2.2 Univariate analysis

Countplot

Count plot can be used to see the number of rows for a label for a categorical feature

In [None]:
# Let's see how many individual and dealer sellers are there
sns.countplot(data = df, x = 'seller_type')

Distribution plot

Distribution plot can plot the distribution of continous values. It helps in identifying the type of distribution for the feature

In [None]:
# Distribution plot for selling prices
sns.displot(data = df, x = 'selling_price')

2.2 Multivariate Analysis

Multiple variable exploratory analysis

Boxplot

In [None]:
# Box plot for 'owner' and 'selling_price'
sns.boxplot(x = df["owner"], y = df["selling_price"]);
plt.ylabel("Selling Price")
plt.xlabel("Owner")

Scatterplot

In [None]:
# Scatter plot for mileage and selling price with respect to fuel type

sns.scatterplot(x = df['mileage'], y = df['selling_price'], hue =df['fuel'])

Corelation Matrix

In [None]:
# Let's check out heatmap

plt.figure(figsize = (15, 8))
sns.heatmap(df.corr(), annot=True, cmap="coolwarm")

Currently, feature max_power and engine have shown strong correlation to selling price. However, the above graph does not include categorical features.

Label Encoding

Lets encode the labels for the present categorical featues

In [None]:
# Importing the LabelEncoder
from sklearn.preprocessing import LabelEncoder

le = LabelEncoder()

All the categorical features except 'owner' are label encoded through LabelEncoder class

In [None]:
# Loading the features into list
categorical_features = ['name', 'seller_type', 'fuel', 'transmission']

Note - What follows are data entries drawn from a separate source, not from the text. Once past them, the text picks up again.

(* In the setting of the context, for every iteration $k\geq 0$, every batch size $m\in\{1,\dots,|\mathrm{OD}|\}$ and every step size $\gamma_k\in[0,1]$, the iterates of the batched SOFW method satisfy \[ \mathbb{E}\bigl[\Psi(\Theta x_{k+1})\,\big|\,x_k\bigr]\;\leq\;\Psi(\Theta x_k)-\frac{\gamma_k}{|\mathrm{OD}|}\,g(x_k)+\frac{\gamma_k^2}{2|\mathrm{OD}|}\,C^{\otimes}_\Psi, \] where $g(x)=\sum_{w\in\mathrm{OD}}g^{(w)}(x)$ and $g^{(w)}(x)=\max_{s\in\mathcal{X}^{(w)}}\langle\nabla\Psi(\Theta x),\,\Theta(x^{[w]}-s^{[w]})\rangle$ is the block Frank–Wolfe gap. In particular the right-hand side does not depend on $m$.
   Context: Let $\mathcal{G}=(\mathcal{V},\mathcal{E})$ be a finite directed graph. Let $\mathrm{OD}$ be a finite nonempty set of origin–destination pairs $w=(i,j)$ with $i,j\in\mathcal{V}$, each with a demand $d_w>0$. For each $w\in\mathrm{OD}$ let $\mathcal{P}_w$ be a finite nonempty set of directed paths from $i$ to $j$, and let $\mathcal{P}=\bigsqcup_w \mathcal{P}_w$. A path-flow vector $x\in\mathbb{R}^{|\mathcal{P}|}$ is written as a concatenation of blocks $x=(x^{(w)})_{w\in\mathrm{OD}}$ with $x^{(w)}\in\mathbb{R}^{|\mathcal{P}_w|}$. The feasible set is the product $\mathcal{X}=\prod_{w}\mathcal{X}^{(w)}$, where $\mathcal{X}^{(w)}=\{x^{(w)}\geq 0 : \sum_{p\in\mathcal{P}_w}x_p=d_w\}$. Let $\Theta\in\{0,1\}^{|\mathcal{E}|\times|\mathcal{P}|}$ be the edge–path incidence matrix ($\Theta_{e,p}=1$ iff edge $e$ lies on path $p$), so edge flows are $F(x)=\Theta x$. Let $\Psi:\mathbb{R}^{|\mathcal{E}|}\to\mathbb{R}$ be convex and continuously differentiable. Lifting notation: for $w\in\mathrm{OD}$ and $x\in\mathbb{R}^{|\mathcal{P}|}$, $x^{[w]}\in\mathbb{R}^{|\mathcal{P}|}$ denotes the vector that agrees with $x$ on the coordinates indexed by $\mathcal{P}_w$ and is zero elsewhere; similarly, for $s^{(w)}\in\mathcal{X}^{(w)}$, $s^{[w]}$ is its zero-padded lift to $\mathbb{R}^{|\mathcal{P}|}$. Block curvature constants: for $w\in\mathrm{OD}$, \[ C^{(w)}_\Psi := \sup\frac{2}{\gamma^2}\Bigl[\Psi(\Theta y)-\Psi(\Theta x)-\langle\nabla\Psi(\Theta x),\,\Theta(y-x)\rangle\Bigr], \] the supremum over $x\in\mathcal{X}$, $s^{(w)}\in\mathcal{X}^{(w)}$, $\gamma\in(0,1]$, with $y=x+\gamma(s^{[w]}-x^{[w]})$; these are assumed finite, and $C^{\otimes}_\Psi:=\sum_{w\in\mathrm{OD}}C^{(w)}_\Psi$. Batched SOFW method: given $x_k\in\mathcal{X}$, draw $\mathcal{I}_k\subset\mathrm{OD}$ uniformly at random among all subsets of size $m$, independently of the past. For each $w\in\mathcal{I}_k$ choose $s_k^{(w)}\in\arg\min_{s\in\mathcal{X}^{(w)}}\langle\nabla\Psi(\Theta x_k),\Theta s^{[w]}\rangle$. Set $d_k=\frac1m\sum_{w\in\mathcal{I}_k}(s_k^{[w]}-x_k^{[w]})$ and $x_{k+1}=x_k+\gamma_k d_k$. *)

theory Defs
  imports "HOL-Probability.Probability"
begin

text \<open>Setting: vertices of type 'v (a finite set V), edges indexed by a finite type 'e
  via an injective endpoint map into V x V (so the edge set is a set of ordered pairs),
  OD pairs are pairs of vertices, and paths are indexed by a finite type 'p whose
  elements are exactly the disjoint union of the pth sets P_w.  Block vectors s^(w) are represented by their
  zero-padded lifts s^[w].\<close>

definition is_dpath :: "('v \<times> 'v) set \<Rightarrow> 'v \<Rightarrow> 'v \<Rightarrow> 'v list \<Rightarrow> bool" where
  "is_dpath Ed i j vs \<longleftrightarrow> vs \<noteq> [] \<and> hd vs = i \<and> last vs = j \<and> distinct vs
     \<and> set (zip vs (tl vs)) \<subseteq> Ed"

definition incidence :: "('e \<Rightarrow> 'v \<times> 'v) \<Rightarrow> ('p \<Rightarrow> 'v list) \<Rightarrow> 'e \<Rightarrow> 'p \<Rightarrow> real" where
  "incidence ends pth e p = (if ends e \<in> set (zip (pth p) (tl (pth p))) then 1 else 0)"

definition edge_flow :: "('e::finite \<Rightarrow> 'v \<times> 'v) \<Rightarrow> ('p::finite \<Rightarrow> 'v list) \<Rightarrow> real^'p \<Rightarrow> real^'e" where
  "edge_flow ends pth x = (\<chi> e. \<Sum>p\<in>UNIV. incidence ends pth e p * x$p)"

definition lift :: "('w \<Rightarrow> 'p set) \<Rightarrow> 'w \<Rightarrow> real^'p::finite \<Rightarrow> real^'p" where
  "lift Pw w x = (\<chi> p. if p \<in> Pw w then x$p else 0)"

definition feasible :: "'w set \<Rightarrow> ('w \<Rightarrow> 'p set) \<Rightarrow> ('w \<Rightarrow> real) \<Rightarrow> (real^'p::finite) set" where
  "feasible OD Pw d = {x. (\<forall>p. 0 \<le> x$p) \<and> (\<forall>w\<in>OD. (\<Sum>p\<in>Pw w. x$p) = d w)}"

definition block_feasible :: "('w \<Rightarrow> 'p set) \<Rightarrow> ('w \<Rightarrow> real) \<Rightarrow> 'w \<Rightarrow> (real^'p::finite) set" where
  "block_feasible Pw d w = {s. (\<forall>p. 0 \<le> s$p) \<and> (\<forall>p. p \<notin> Pw w \<longrightarrow> s$p = 0)
      \<and> (\<Sum>p\<in>Pw w. s$p) = d w}"

text \<open>The set whose supremum defines the block curvature constant C^(w).
  Here F is the edge-flow map x \<mapsto> Theta x and G the gradient of Psi.\<close>
definition curv_set :: "(real^'e::finite \<Rightarrow> real) \<Rightarrow> (real^'e \<Rightarrow> real^'e) \<Rightarrow> (real^'p::finite \<Rightarrow> real^'e)
    \<Rightarrow> 'w set \<Rightarrow> ('w \<Rightarrow> 'p set) \<Rightarrow> ('w \<Rightarrow> real) \<Rightarrow> 'w \<Rightarrow> real set" where
  "curv_set Psi G F OD Pw d w =
     {2 / \<gamma>^2 * (Psi (F y) - Psi (F x) - G (F x) \<bullet> F (y - x)) | x s \<gamma> y.
        x \<in> feasible OD Pw d \<and> s \<in> block_feasible Pw d w \<and> 0 < \<gamma> \<and> \<gamma> \<le> 1
        \<and> y = x + \<gamma> *\<^sub>R (s - lift Pw w x)}"

definition block_curv where
  "block_curv Psi G F OD Pw d w = Sup (curv_set Psi G F OD Pw d w)"

definition total_curv where
  "total_curv Psi G F OD Pw d = (\<Sum>w\<in>OD. block_curv Psi G F OD Pw d w)"

definition block_gap :: "(real^'e::finite \<Rightarrow> real^'e) \<Rightarrow> (real^'p::finite \<Rightarrow> real^'e)
    \<Rightarrow> ('w \<Rightarrow> 'p set) \<Rightarrow> ('w \<Rightarrow> real) \<Rightarrow> 'w \<Rightarrow> real^'p \<Rightarrow> real" where
  "block_gap G F Pw d w x = (SUP s\<in>block_feasible Pw d w. G (F x) \<bullet> F (lift Pw w x - s))"

definition fw_gap where
  "fw_gap G F OD Pw d x = (\<Sum>w\<in>OD. block_gap G F Pw d w x)"

definition batch_pmf :: "'w set \<Rightarrow> nat \<Rightarrow> 'w set pmf" where
  "batch_pmf OD m = pmf_of_set {I. I \<subseteq> OD \<and> card I = m}"

text \<open>Distribution of x_{k+1} given x_k = x, for a selection s I w of block minimisers
  (which may depend on the drawn batch I).\<close>
definition sofw_next :: "'w set \<Rightarrow> ('w \<Rightarrow> 'p set) \<Rightarrow> nat \<Rightarrow> real
    \<Rightarrow> ('w set \<Rightarrow> 'w \<Rightarrow> real^'p::finite) \<Rightarrow> real^'p \<Rightarrow> (real^'p) pmf" where
  "sofw_next OD Pw m \<gamma> s x =
     map_pmf (\<lambda>I. x + \<gamma> *\<^sub>R ((1 / real m) *\<^sub>R (\<Sum>w\<in>I. s I w - lift Pw w x))) (batch_pmf OD m)"

end

theory Submission
  imports Defs
begin

(* Each block step x + \<gamma>(s^[w] - x^[w]) decreases \<Psi>(\<Theta>x) by at least \<gamma> g^(w)(x), up to the
   curvature term \<gamma>^2 C^(w)/2: this is just the definition of C^(w) together with the choice
   of s^(w) as block minimiser.  The batched step is the mean of the m block steps of its batch,
   so by convexity its value is at most the mean of their values.  Averaging over the uniform
   batch, every OD pair lies in the same fraction m/|OD| of the batches, so m cancels. *)

lemma card_subsets_containing:
  assumes "finite A" "w \<in> A" "0 < m"
  shows "card {I. I \<subseteq> A \<and> card I = m \<and> w \<in> I} = (card A - 1) choose (m - 1)"
proof -
  have "{I. I \<subseteq> A \<and> card I = m \<and> w \<in> I} = insert w ` {J. J \<subseteq> A - {w} \<and> card J = m - 1}"
  proof (intro equalityI subsetI)
    fix I assume I: "I \<in> {I. I \<subseteq> A \<and> card I = m \<and> w \<in> I}"
    then have "I - {w} \<in> {J. J \<subseteq> A - {w} \<and> card J = m - 1}"
      using assms(1) by (auto simp: finite_subset)
    with I show "I \<in> insert w ` {J. J \<subseteq> A - {w} \<and> card J = m - 1}"
      by (auto intro!: image_eqI[of _ _ "I - {w}"])
  next
    fix I assume "I \<in> insert w ` {J. J \<subseteq> A - {w} \<and> card J = m - 1}"
    then obtain J where J: "J \<subseteq> A - {w}" "card J = m - 1" "I = insert w J" by auto
    then have "finite J" "w \<notin> J" using assms(1) by (auto dest: finite_subset)
    with J assms show "I \<in> {I. I \<subseteq> A \<and> card I = m \<and> w \<in> I}" by auto
  qed
  moreover have "inj_on (insert w) {J. J \<subseteq> A - {w} \<and> card J = m - 1}"
    by (rule inj_onI) blast
  ultimately show ?thesis
    using assms by (simp add: card_image n_subsets card_Diff_singleton)
qed

lemma sum_over_subsets_of_card:
  fixes h :: "'a \<Rightarrow> 'b::comm_semiring_1"
  assumes "finite A" "0 < m"
  shows "(\<Sum>I | I \<subseteq> A \<and> card I = m. \<Sum>w\<in>I. h w)
        = of_nat ((card A - 1) choose (m - 1)) * (\<Sum>w\<in>A. h w)"
proof -
  let ?S = "{I. I \<subseteq> A \<and> card I = m}"
  have "finite ?S" using assms(1) by simp
  have "(\<Sum>I\<in>?S. \<Sum>w\<in>I. h w) = (\<Sum>I\<in>?S. \<Sum>w | w \<in> A \<and> w \<in> I. h w)"
    by (intro sum.cong) (auto intro!: sum.cong)
  also have "\<dots> = (\<Sum>w\<in>A. \<Sum>I | I \<in> ?S \<and> w \<in> I. h w)"
    using \<open>finite ?S\<close> assms(1) by (rule sum.swap_restrict)
  also have "\<dots> = (\<Sum>w\<in>A. of_nat ((card A - 1) choose (m - 1)) * h w)"
    using card_subsets_containing[OF assms(1) _ assms(2)] by (intro sum.cong) (simp_all add: conj_assoc)
  finally show ?thesis by (simp add: sum_distrib_left)
qed

lemma expectation_batch_pmf:
  assumes "finite A" "m \<le> card A"
  shows "measure_pmf.expectation (batch_pmf A m) f
           = (\<Sum>I | I \<subseteq> A \<and> card I = m. f I) / real (card A choose m)"
proof -
  obtain I where "I \<subseteq> A" "card I = m" using obtain_subset_with_card_n[OF assms(2)] by metis
  then have "{I. I \<subseteq> A \<and> card I = m} \<noteq> {}" by auto
  then show ?thesis
    using assms(1) by (simp add: batch_pmf_def integral_pmf_of_set n_subsets)
qed

lemma expectation_batch_pmf_mono:
  fixes f g :: "'a set \<Rightarrow> real"
  assumes "finite A" "m \<le> card A" "\<And>I. I \<subseteq> A \<Longrightarrow> card I = m \<Longrightarrow> f I \<le> g I"
  shows "measure_pmf.expectation (batch_pmf A m) f \<le> measure_pmf.expectation (batch_pmf A m) g"
  unfolding expectation_batch_pmf[OF assms(1,2)]
  by (intro divide_right_mono sum_mono) (auto intro: assms(3))

lemma expectation_batch_pmf_mean:
  fixes h :: "'a \<Rightarrow> real"
  assumes "finite A" "0 < m" "m \<le> card A"
  shows "measure_pmf.expectation (batch_pmf A m) (\<lambda>I. (\<Sum>w\<in>I. h w) / real m)
           = (\<Sum>w\<in>A. h w) / real (card A)"
proof -
  let ?n = "card A"
  have "real m * real (?n choose m) = real ?n * real ((?n - 1) choose (m - 1))"
    using binomial_absorption[of "m - 1" ?n] assms(2) by (simp flip: of_nat_mult)
  moreover have "0 < ?n choose m" "0 < ?n" using assms by auto
  ultimately show ?thesis
    unfolding expectation_batch_pmf[OF assms(1,3)] sum_divide_distrib[symmetric]
      sum_over_subsets_of_card[OF assms(1,2)]
    by (simp add: field_simps)
qed

lemma convex_on_compose_linear:
  assumes "linear F" "convex_on UNIV f"
  shows "convex_on UNIV (f \<circ> F)"
proof (rule convex_onI)
  fix t :: real and x y assume "0 < t" "t < 1"
  then show "(f \<circ> F) ((1 - t) *\<^sub>R x + t *\<^sub>R y) \<le> (1 - t) * (f \<circ> F) x + t * (f \<circ> F) y"
    using convex_onD[OF assms(2), of t "F x" "F y"]
    by (simp add: linear_add[OF assms(1)] linear_scale[OF assms(1)])
qed simp

lemma convex_on_mean_of_translates:
  fixes f :: "'a::real_vector \<Rightarrow> real"
  assumes "convex_on UNIV f" "finite I" "I \<noteq> {}"
  shows "f (x + (1 / real (card I)) *\<^sub>R (\<Sum>i\<in>I. v i)) \<le> (\<Sum>i\<in>I. f (x + v i)) / real (card I)"
proof -
  have "card I > 0" using assms(2,3) by (simp add: card_gt_0_iff)
  then have "x + (1 / real (card I)) *\<^sub>R (\<Sum>i\<in>I. v i) = (\<Sum>i\<in>I. (1 / real (card I)) *\<^sub>R (x + v i))"
    by (simp add: scaleR_add_right sum.distrib scaleR_sum_right sum_constant_scaleR)
  then show ?thesis
    using convex_on_sum[OF assms(2,3,1), of "\<lambda>_. 1 / real (card I)" "\<lambda>i. x + v i"] \<open>card I > 0\<close>
    by (simp add: sum_divide_distrib)
qed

# Each feature in the list are label encoded 
for feature in categorical_features:
    df[feature] = le.fit_transform(df[feature])
    le.transform(le.classes_)

As the feature 'owner' has the requirement to assign custom encoding to each label, each label has mapped to the required encoding value.

In [None]:
mapping = {
    'First Owner': 1,
    'Second Owner': 2,
    'Third Owner': 3,
    'Fourth & Above Owner': 4,
    'Test Drive Car': 5
}

df['owner'] = df['owner'].map(lambda x : mapping[x])

# Removing the rows with Test Drive Car value
df = df[~df['owner'].isin([5])]

Now that all the categorical labels have been encoded into integer values, lets look into our current data

In [None]:
df.head()

Now the correlation matrix will display the values for these converted features as well

In [None]:
plt.figure(figsize = (15, 8))
sns.heatmap(df.corr(), annot=True, cmap="coolwarm")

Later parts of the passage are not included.